Table 3 The accuracy of classification on added category

This project does an incremental experiment on the COVID-19 dataset to prove the superiority of the FedIn-MC framework in medical data classification. The experiment uses the COVID-19 sample (Normal class, Viral class, and COVID-19 class) as known class data and uses the MNIST dataset as ten categories of unknown. From these ten categories, select one with the COVID-19 dataset. Test samples form a new test dataset. It can be seen from Table 3 that the FedIn-MC framework still maintains a high classification accuracy in incremental test samples. The experiment does not retrain any part of the model but also adds a classification test based on the original model training, proving that the framework of this paper has a robust classified advantage.

4.2.2 Analysis of communication cost

This project compares the communication overhead of FedAvg (softmax) and FedIn-MC (DPL). During the experiment, each round of random selection of N medical institution clients to participate in the experiment measured the communication overhead of 100 rounds of system training.

As shown in Table 4 and Fig. 5, an incremental experiment measured the communication overhead of the server and the global model of the model parameter and the global model. It can be seen from the results that the communication overhead based on softmax-based federated learning is much more significant than the DPL FedIn-MC’s communication overhead. Significantly when the medical institution increases and the dataset becomes more extensive, the framework of this paper can effectively reduce communication overhead.
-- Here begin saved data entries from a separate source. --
(* Let $g\in C^1$ be a Riemannian metric on $\mathbb{R}^D$ written as $g_x(u,u)=u^{\top}H(x)u$, with $\|H(x)-H(y)\|_{\mathcal{B}}\le L_H\|x-y\|_2$ for all $x,y$. Let $N\ge1$, $\gamma^{\mathrm{p}}\in\mathcal{C}^N_{\mathrm{p}}$, and $K_3^2:=\frac1N\sum_{n=0}^{N-1}\|\beta^{\mathrm{p}}(t_n)\|_2^2$. Then $$\left|\mathcal{E}^g(\gamma^{\mathrm{pl}})-\mathcal{E}^g_{\mathrm{l},N}(\gamma^{\mathrm{p}})\right|\le\frac{L_HK_3^3}{2N^{1/2}}.$$
   Context: $t_n=n/N$, $h=1/N$; $\mathcal{C}^N_{\mathrm{p}}$ is the set of maps $\gamma^{\mathrm{p}}:\{t_0,\dots,t_N\}\to\mathbb{R}^D$; $\beta^{\mathrm{p}}(t_n)=(\gamma^{\mathrm{p}}(t_{n+1})-\gamma^{\mathrm{p}}(t_n))/h$; $\gamma^{\mathrm{pl}}(t_n+s)=(1-Ns)\gamma^{\mathrm{p}}(t_n)+Ns\gamma^{\mathrm{p}}(t_{n+1})$ for $0\le s\le h$; $\mathcal{E}^g(\gamma)=\int_0^1 g_{\gamma(t)}(\dot\gamma,\dot\gamma)dt$; $\mathcal{E}^g_{\mathrm{l},N}(\gamma^{\mathrm{p}})=\frac1N\sum_{n=0}^{N-1}g_{\gamma^{\mathrm{p}}(t_n)}(\beta^{\mathrm{p}}(t_n),\beta^{\mathrm{p}}(t_n))$. $\|\cdot\|_{\mathcal{B}}$ is the operator norm. *)

theory Defs
  imports "HOL-Analysis.Analysis"
begin

text \<open>Grid t_n = n/N. A discrete path is gamma_p :: nat => real^'d, meaningful on 0..N.\<close>

definition beta_p :: "nat \<Rightarrow> (nat \<Rightarrow> real^'d) \<Rightarrow> nat \<Rightarrow> real^'d" where
  "beta_p N gp n = real N *\<^sub>R (gp (Suc n) - gp n)"

definition gamma_pl :: "nat \<Rightarrow> (nat \<Rightarrow> real^'d) \<Rightarrow> real \<Rightarrow> real^'d" where
  "gamma_pl N gp t =
     (let n = min (nat \<lfloor>t * real N\<rfloor>) (N - 1);
          s = t - real n / real N
      in (1 - real N * s) *\<^sub>R gp n + (real N * s) *\<^sub>R gp (Suc n))"

definition energy :: "(real^'d \<Rightarrow> real^'d^'d) \<Rightarrow> (real \<Rightarrow> real^'d) \<Rightarrow> real" where
  "energy H \<gamma> = integral {0..1}
     (\<lambda>t. vector_derivative \<gamma> (at t) \<bullet> (H (\<gamma> t) *v vector_derivative \<gamma> (at t)))"

definition energy_l :: "(real^'d \<Rightarrow> real^'d^'d) \<Rightarrow> nat \<Rightarrow> (nat \<Rightarrow> real^'d) \<Rightarrow> real" where
  "energy_l H N gp = (1 / real N) * (\<Sum>n<N. beta_p N gp n \<bullet> (H (gp n) *v beta_p N gp n))"

end

theory Submission
  imports Defs
begin

text \<open>On the cell \<open>[t\<^sub>k, t\<^sub>k\<^sub>+\<^sub>1]\<close> the interpolant moves with constant velocity
  \<open>\<beta>\<^sub>k\<close>, so the energy density there is \<open>\<beta>\<^sub>k \<bullet> H(\<gamma>(t)) \<beta>\<^sub>k\<close>, while the discrete energy
  freezes \<open>H\<close> at \<open>\<gamma>(t\<^sub>k)\<close>. Since \<open>|\<gamma>(t) - \<gamma>(t\<^sub>k)| = (t - t\<^sub>k) |\<beta>\<^sub>k|\<close>, the Lipschitz
  bound on \<open>H\<close> makes the two integrands differ by at most \<open>L\<^sub>H (t - t\<^sub>k) |\<beta>\<^sub>k|\<^sup>3\<close>,
  i.e. by \<open>L\<^sub>H |\<beta>\<^sub>k|\<^sup>3 / (2 N\<^sup>2)\<close> after integration over the cell. Summing over the
  cells and using \<open>\<Sum> |\<beta>\<^sub>k|\<^sup>3 \<le> (\<Sum> |\<beta>\<^sub>k|\<^sup>2)\<^sup>3\<^sup>/\<^sup>2 = (N K\<^sub>3\<^sup>2)\<^sup>3\<^sup>/\<^sup>2\<close> gives the claim.\<close>

definition energy_density :: "(real^'d \<Rightarrow> real^'d^'d) \<Rightarrow> (real \<Rightarrow> real^'d) \<Rightarrow> real \<Rightarrow> real" where
  "energy_density H \<gamma> =
     (\<lambda>t. vector_derivative \<gamma> (at t) \<bullet> (H (\<gamma> t) *v vector_derivative \<gamma> (at t)))"

lemma energy_eq_integral_energy_density: "energy H \<gamma> = integral {0..1} (energy_density H \<gamma>)"
  unfolding energy_def energy_density_def ..

lemma gamma_pl_on_cell:
  assumes "k < N" and "real k / real N \<le> t" and "t < real (Suc k) / real N"
  shows "gamma_pl N gp t = gp k + (real N * t - real k) *\<^sub>R (gp (Suc k) - gp k)"
proof -
  have N: "real N > 0" using assms(1) by simp
  have "\<lfloor>t * real N\<rfloor> = int k"
    using assms N by (simp add: floor_eq_iff field_simps)
  then have cell: "min (nat \<lfloor>t * real N\<rfloor>) (N - 1) = k" using assms(1) by simp
  have "real N * (t - real k / real N) = real N * t - real k" using N by (simp add: field_simps)
  then show ?thesis unfolding gamma_pl_def Let_def cell by (simp add: algebra_simps)
qed

lemma gamma_pl_vector_derivative:
  assumes "k < N" and "real k / real N < t" and "t < real (Suc k) / real N"
  shows "vector_derivative (gamma_pl N gp) (at t) = beta_p N gp k"
proof -
  let ?line = "\<lambda>t. gp k + (real N * t - real k) *\<^sub>R (gp (Suc k) - gp k)"
  have "(?line has_vector_derivative beta_p N gp k) (at t)"
    unfolding beta_p_def by (auto intro!: derivative_eq_intros)
  then have "(gamma_pl N gp has_vector_derivative beta_p N gp k) (at t)"
    by (rule has_vector_derivative_transform_within_open
          [where S = "{real k / real N<..<real (Suc k) / real N}"])
       (use assms in \<open>auto simp: gamma_pl_on_cell\<close>)
  then show ?thesis by (rule vector_derivative_at)
qed

lemma energy_density_gamma_pl_on_cell:
  assumes "k < N" and "real k / real N < t" and "t < real (Suc k) / real N"
  shows "energy_density H (gamma_pl N gp) t =
    beta_p N gp k \<bullet> (H (gp k + (real N * t - real k) *\<^sub>R (gp (Suc k) - gp k)) *v beta_p N gp k)"
  using assms by (simp add: energy_density_def gamma_pl_vector_derivative gamma_pl_on_cell)

lemma bounded_linear_matrix_vector_mult_left: "bounded_linear (\<lambda>A::real^'n^'m. A *v v)"
  unfolding linear_conv_bounded_linear[symmetric]
  by (rule linearI) (auto simp: vec_eq_iff matrix_vector_mult_def sum_distrib_left sum.distrib algebra_simps)

lemma continuous_on_matrix_vector_mult_left [continuous_intros]:
  fixes f :: "'a::topological_space \<Rightarrow> real^'n^'m"
  shows "continuous_on S f \<Longrightarrow> continuous_on S (\<lambda>x. f x *v v)"
  by (rule continuous_on_compose2[OF linear_continuous_on[OF bounded_linear_matrix_vector_mult_left]])
     auto

lemma quadratic_form_diff_le_onorm:
  fixes A B :: "real^'n^'n" and v :: "real^'n"
  assumes "onorm (\<lambda>u. (A - B) *v u) \<le> c"
  shows "\<bar>v \<bullet> (A *v v) - v \<bullet> (B *v v)\<bar> \<le> c * (norm v)\<^sup>2"
proof -
  have "\<bar>v \<bullet> (A *v v) - v \<bullet> (B *v v)\<bar> = \<bar>v \<bullet> ((A - B) *v v)\<bar>"
    by (simp add: matrix_vector_mult_diff_rdistrib inner_diff_right)
  also have "\<dots> \<le> norm v * norm ((A - B) *v v)" by (rule Cauchy_Schwarz_ineq2)
  also have "\<dots> \<le> norm v * (onorm (\<lambda>u. (A - B) *v u) * norm v)"
    by (intro mult_left_mono onorm) auto
  also have "\<dots> \<le> norm v * (c * norm v)"
    by (intro mult_left_mono mult_right_mono assms) auto
  finally show ?thesis by (simp add: power2_eq_square algebra_simps)
qed

lemma onorm_lipschitz_const_nonneg:
  fixes H :: "real^'n \<Rightarrow> real^'n^'n"
  assumes "\<And>x y. onorm (\<lambda>u. (H x - H y) *v u) \<le> L * norm (x - y)"
  shows "0 \<le> L"
proof -
  have "0 \<le> onorm (\<lambda>u. (H 0 - H 1) *v u)" by (rule onorm_pos_le) simp
  also have "\<dots> \<le> L * norm (0 - 1 :: real^'n)" by (rule assms)
  finally show ?thesis by (simp add: zero_le_mult_iff vec_eq_iff)
qed

lemma integral_deviation_le_linear:
  fixes g :: "real \<Rightarrow> real"
  assumes g: "g integrable_on {a..b}" and "a \<le> b"
    and dev: "\<And>t. t \<in> {a..b} \<Longrightarrow> \<bar>g t - c\<bar> \<le> B * (t - a)"
  shows "\<bar>integral {a..b} g - c * (b - a)\<bar> \<le> B * (b - a)\<^sup>2 / 2"
proof -
  have "((\<lambda>t. B * (t - a)\<^sup>2 / 2) has_real_derivative B * (t - a)) (at t)" for t
    by (auto intro!: derivative_eq_intros)
  then have ramp: "((\<lambda>t. B * (t - a)) has_integral B * (b - a)\<^sup>2 / 2) {a..b}"
    using fundamental_theorem_of_calculus[OF \<open>a \<le> b\<close>, of "\<lambda>t. B * (t - a)\<^sup>2 / 2" "\<lambda>t. B * (t - a)"]
    by (simp add: has_real_derivative_iff_has_vector_derivative[symmetric] has_field_derivative_at_within)
  have "integral {a..b} g - c * (b - a) = integral {a..b} (\<lambda>t. g t - c)"
    using \<open>a \<le> b\<close> by (simp add: integral_diff[OF g integrable_const_ivl] mult.commute)
  also have "\<bar>\<dots>\<bar> \<le> integral {a..b} (\<lambda>t. B * (t - a))"
    using integral_norm_bound_integral[OF integrable_diff[OF g integrable_const_ivl]
        has_integral_integrable[OF ramp]] dev
    by simp
  finally show ?thesis by (simp only: integral_unique[OF ramp])
qed

lemma energy_density_gamma_pl_cell_estimate:
  fixes H :: "real^'d \<Rightarrow> real^'d^'d" and gp :: "nat \<Rightarrow> real^'d"
  assumes "k < N" and H: "continuous_on UNIV H"
    and lip: "\<And>x y. onorm (\<lambda>u. (H x - H y) *v u) \<le> L_H * norm (x - y)"
  defines "cell \<equiv> {real k / real N .. real (Suc k) / real N}" and "\<beta> \<equiv> beta_p N gp k"
  shows "energy_density H (gamma_pl N gp) integrable_on cell"
    and "\<bar>integral cell (energy_density H (gamma_pl N gp)) - (1 / real N) * (\<beta> \<bullet> (H (gp k) *v \<beta>))\<bar>
           \<le> L_H * (norm \<beta>) ^ 3 / (2 * (real N)\<^sup>2)"
proof -
  define a where "a = real k / real N"
  define d where "d = gp (Suc k) - gp k"
  define g where "g = (\<lambda>t. \<beta> \<bullet> (H (gp k + (real N * t - real k) *\<^sub>R d) *v \<beta>))"
  have N: "real N > 0" using \<open>k < N\<close> by simp
  have cell: "cell = {a .. a + 1 / real N}"
    unfolding cell_def a_def using N by (simp add: field_simps)
  have "continuous_on cell g"
    unfolding g_def by (intro continuous_intros continuous_on_compose2[OF H] subset_UNIV)
  then have g: "g integrable_on cell"
    unfolding cell by (rule integrable_continuous_interval)
  have density: "(energy_density H (gamma_pl N gp) has_integral integral cell g) cell"
  proof (rule has_integral_spike_finite[OF _ _ integrable_integral[OF g]])
    show "finite {real k / real N, real (Suc k) / real N}" by simp
    fix t assume "t \<in> cell - {real k / real N, real (Suc k) / real N}"
    then show "energy_density H (gamma_pl N gp) t = g t"
      unfolding g_def d_def \<beta>_def cell_def
      by (intro energy_density_gamma_pl_on_cell \<open>k < N\<close>) auto
  qed
  then show "energy_density H (gamma_pl N gp) integrable_on cell" by (rule has_integral_integrable)
  have density_eq: "integral cell (energy_density H (gamma_pl N gp)) = integral cell g"
    using density by (rule integral_unique)
  have "\<bar>g t - \<beta> \<bullet> (H (gp k) *v \<beta>)\<bar> \<le> L_H * (norm \<beta>) ^ 3 * (t - a)" if "t \<in> cell" for t
  proof -
    have step: "real N * t - real k = real N * (t - a)" unfolding a_def using N by (simp add: field_simps)
    have "\<beta> = real N *\<^sub>R d" unfolding \<beta>_def d_def beta_p_def ..
    have "\<bar>g t - \<beta> \<bullet> (H (gp k) *v \<beta>)\<bar>
        \<le> L_H * norm ((gp k + (real N * t - real k) *\<^sub>R d) - gp k) * (norm \<beta>)\<^sup>2"
      unfolding g_def by (rule quadratic_form_diff_le_onorm[OF lip])
    also have "norm ((gp k + (real N * t - real k) *\<^sub>R d) - gp k) = (t - a) * norm \<beta>"
      using \<open>\<beta> = real N *\<^sub>R d\<close> that N unfolding cell step by simp
    finally show ?thesis by (simp add: power3_eq_cube power2_eq_square mult_ac)
  qed
  from integral_deviation_le_linear[OF g[unfolded cell] _ this[unfolded cell]]
  show "\<bar>integral cell (energy_density H (gamma_pl N gp)) - (1 / real N) * (\<beta> \<bullet> (H (gp k) *v \<beta>))\<bar>
          \<le> L_H * (norm \<beta>) ^ 3 / (2 * (real N)\<^sup>2)"
    using N unfolding density_eq unfolding cell by (simp add: power2_eq_square field_simps)
qed

lemma has_integral_uniform_cells:
  fixes f :: "real \<Rightarrow> 'a::banach"
  assumes "0 < N" and "\<And>k. k < m \<Longrightarrow> f integrable_on {real k / real N .. real (Suc k) / real N}"
  shows "(f has_integral (\<Sum>k<m. integral {real k / real N .. real (Suc k) / real N} f))
           {0 .. real m / real N}"
  using assms(2)
proof (induction m)
  case 0
  show ?case using has_integral_refl(2)[of f 0] by simp
next
  case (Suc m)
  have "(f has_integral (\<Sum>k<m. integral {real k / real N .. real (Suc k) / real N} f)
           + integral {real m / real N .. real (Suc m) / real N} f) {0 .. real (Suc m) / real N}"
    by (rule has_integral_combine[of 0 "real m / real N"])
       (use Suc \<open>0 < N\<close> in \<open>auto simp: divide_simps\<close>)
  then show ?case by simp
qed

lemma sum_power3_le_sum_power2_sqrt:
  fixes x :: "'a \<Rightarrow> real"
  shows "(\<Sum>k\<in>A. x k ^ 3) \<le> (\<Sum>k\<in>A. (x k)\<^sup>2) * sqrt (\<Sum>k\<in>A. (x k)\<^sup>2)"
proof (cases "finite A")
  case True
  define S where "S = (\<Sum>k\<in>A. (x k)\<^sup>2)"
  have "x k ^ 3 \<le> (x k)\<^sup>2 * sqrt S" if "k \<in> A" for k
  proof -
    have "(x k)\<^sup>2 \<le> S" unfolding S_def by (rule member_le_sum) (use that True in auto)
    then have "x k \<le> sqrt S" using real_le_rsqrt by fastforce
    then show ?thesis using mult_left_mono[of "x k" "sqrt S" "(x k)\<^sup>2"]
      by (simp add: power3_eq_cube power2_eq_square mult.assoc)
  qed
  then have "(\<Sum>k\<in>A. x k ^ 3) \<le> (\<Sum>k\<in>A. (x k)\<^sup>2 * sqrt S)" by (rule sum_mono)
  then show ?thesis by (simp add: S_def sum_distrib_right)
qed simp

theorem proposition8p2:
  fixes H :: "real^'d \<Rightarrow> real^'d^'d" and L_H :: real and N :: nat
    and gp :: "nat \<Rightarrow> real^'d"
  assumes C1: "\<exists>H'. (\<forall>x. (H has_derivative blinfun_apply (H' x)) (at x)) \<and> continuous_on UNIV H'"
    and sym: "\<And>x. transpose (H x) = H x"
    and posdef: "\<And>x u. u \<noteq> 0 \<Longrightarrow> u \<bullet> (H x *v u) > 0"
    and lip: "\<And>x y. onorm (\<lambda>u. (H x - H y) *v u) \<le> L_H * norm (x - y)"
    and N: "N \<ge> 1"
  defines "K3 \<equiv> sqrt ((1 / real N) * (\<Sum>n<N. (norm (beta_p N gp n))\<^sup>2))"
  shows "\<bar>energy H (gamma_pl N gp) - energy_l H N gp\<bar> \<le> L_H * K3 ^ 3 / (2 * sqrt (real N))"
proof -
  define \<beta> where "\<beta> = beta_p N gp"
  define S where "S = (\<Sum>k<N. (norm (\<beta> k))\<^sup>2)"
  let ?cell = "\<lambda>k. {real k / real N .. real (Suc k) / real N}"
  let ?I = "\<lambda>k. integral (?cell k) (energy_density H (gamma_pl N gp))"
  have H: "continuous_on UNIV H"
    using C1 by (metis continuous_at_imp_continuous_on has_derivative_continuous)
  note cell_estimate = energy_density_gamma_pl_cell_estimate[OF _ H lip]
  have "(energy_density H (gamma_pl N gp) has_integral (\<Sum>k<N. ?I k)) {0..1}"
    using has_integral_uniform_cells[of N N, OF _ cell_estimate(1)] N by simp
  then have "energy H (gamma_pl N gp) = (\<Sum>k<N. ?I k)"
    by (simp add: energy_eq_integral_energy_density integral_unique)
  moreover have "energy_l H N gp = (\<Sum>k<N. (1 / real N) * (\<beta> k \<bullet> (H (gp k) *v \<beta> k)))"
    unfolding energy_l_def \<beta>_def by (simp add: sum_distrib_left)
  ultimately have "\<bar>energy H (gamma_pl N gp) - energy_l H N gp\<bar>
      \<le> (\<Sum>k<N. \<bar>?I k - (1 / real N) * (\<beta> k \<bullet> (H (gp k) *v \<beta> k))\<bar>)"
    by (simp add: sum_subtractf[symmetric] sum_abs)
  also have "\<dots> \<le> L_H / (2 * (real N)\<^sup>2) * (\<Sum>k<N. (norm (\<beta> k)) ^ 3)"
    unfolding sum_distrib_left by (rule sum_mono) (use cell_estimate(2) in \<open>simp add: \<beta>_def\<close>)
  also have "\<dots> \<le> L_H / (2 * (real N)\<^sup>2) * (S * sqrt S)"
    unfolding S_def using onorm_lipschitz_const_nonneg[OF lip]
    by (intro mult_left_mono sum_power3_le_sum_power2_sqrt) simp
  also have "\<dots> = L_H * K3 ^ 3 / (2 * sqrt (real N))"
    using N unfolding K3_def S_def \<beta>_def
    by (simp add: sum_nonneg real_sqrt_divide power3_eq_cube power2_eq_square field_simps)
  finally show ?thesis .
qed

end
Table 4 Comparison of communication cost
Fig. 5
figure 5

The communication cost for different amounts of clients

Given the above experimental results, the FedIn-MC framework in this paper can inspire data owners of all parties to join model training, break the "data islands" situation while ensuring data privacy, improve data classification effects, and have a more positive sign for an intelligent medical care development.

5 Conclusions and future work

A federated learning technology is adopted in this paper to solve medical data insufficiency and sharing difficulties so as to promote the medical institution cooperation. A prototype learning concept transfers the traditional softmax function into a DPL function. It directly learns multiple prototypes in each class in a convolutional feature space, and employs a prototype loss to shorten the inner class distances to improve the model robustness. At the same time, in order to improve the dataset number and quality, an incentive learning mechanism of blockchain is introduced in the framework to attract more medical institution participants. In the future smart medical care field, federated learning can also be combined with other new technologies to increase the model accuracy, to reduce data sharing risks, and to provide more innovative ideas for secure medical data sharing. In the following studies, we mean to try more detailed innovative experiments of blockchain and federated learning, to improve the model adaptation ability to changing environments and its aggregation process credibility.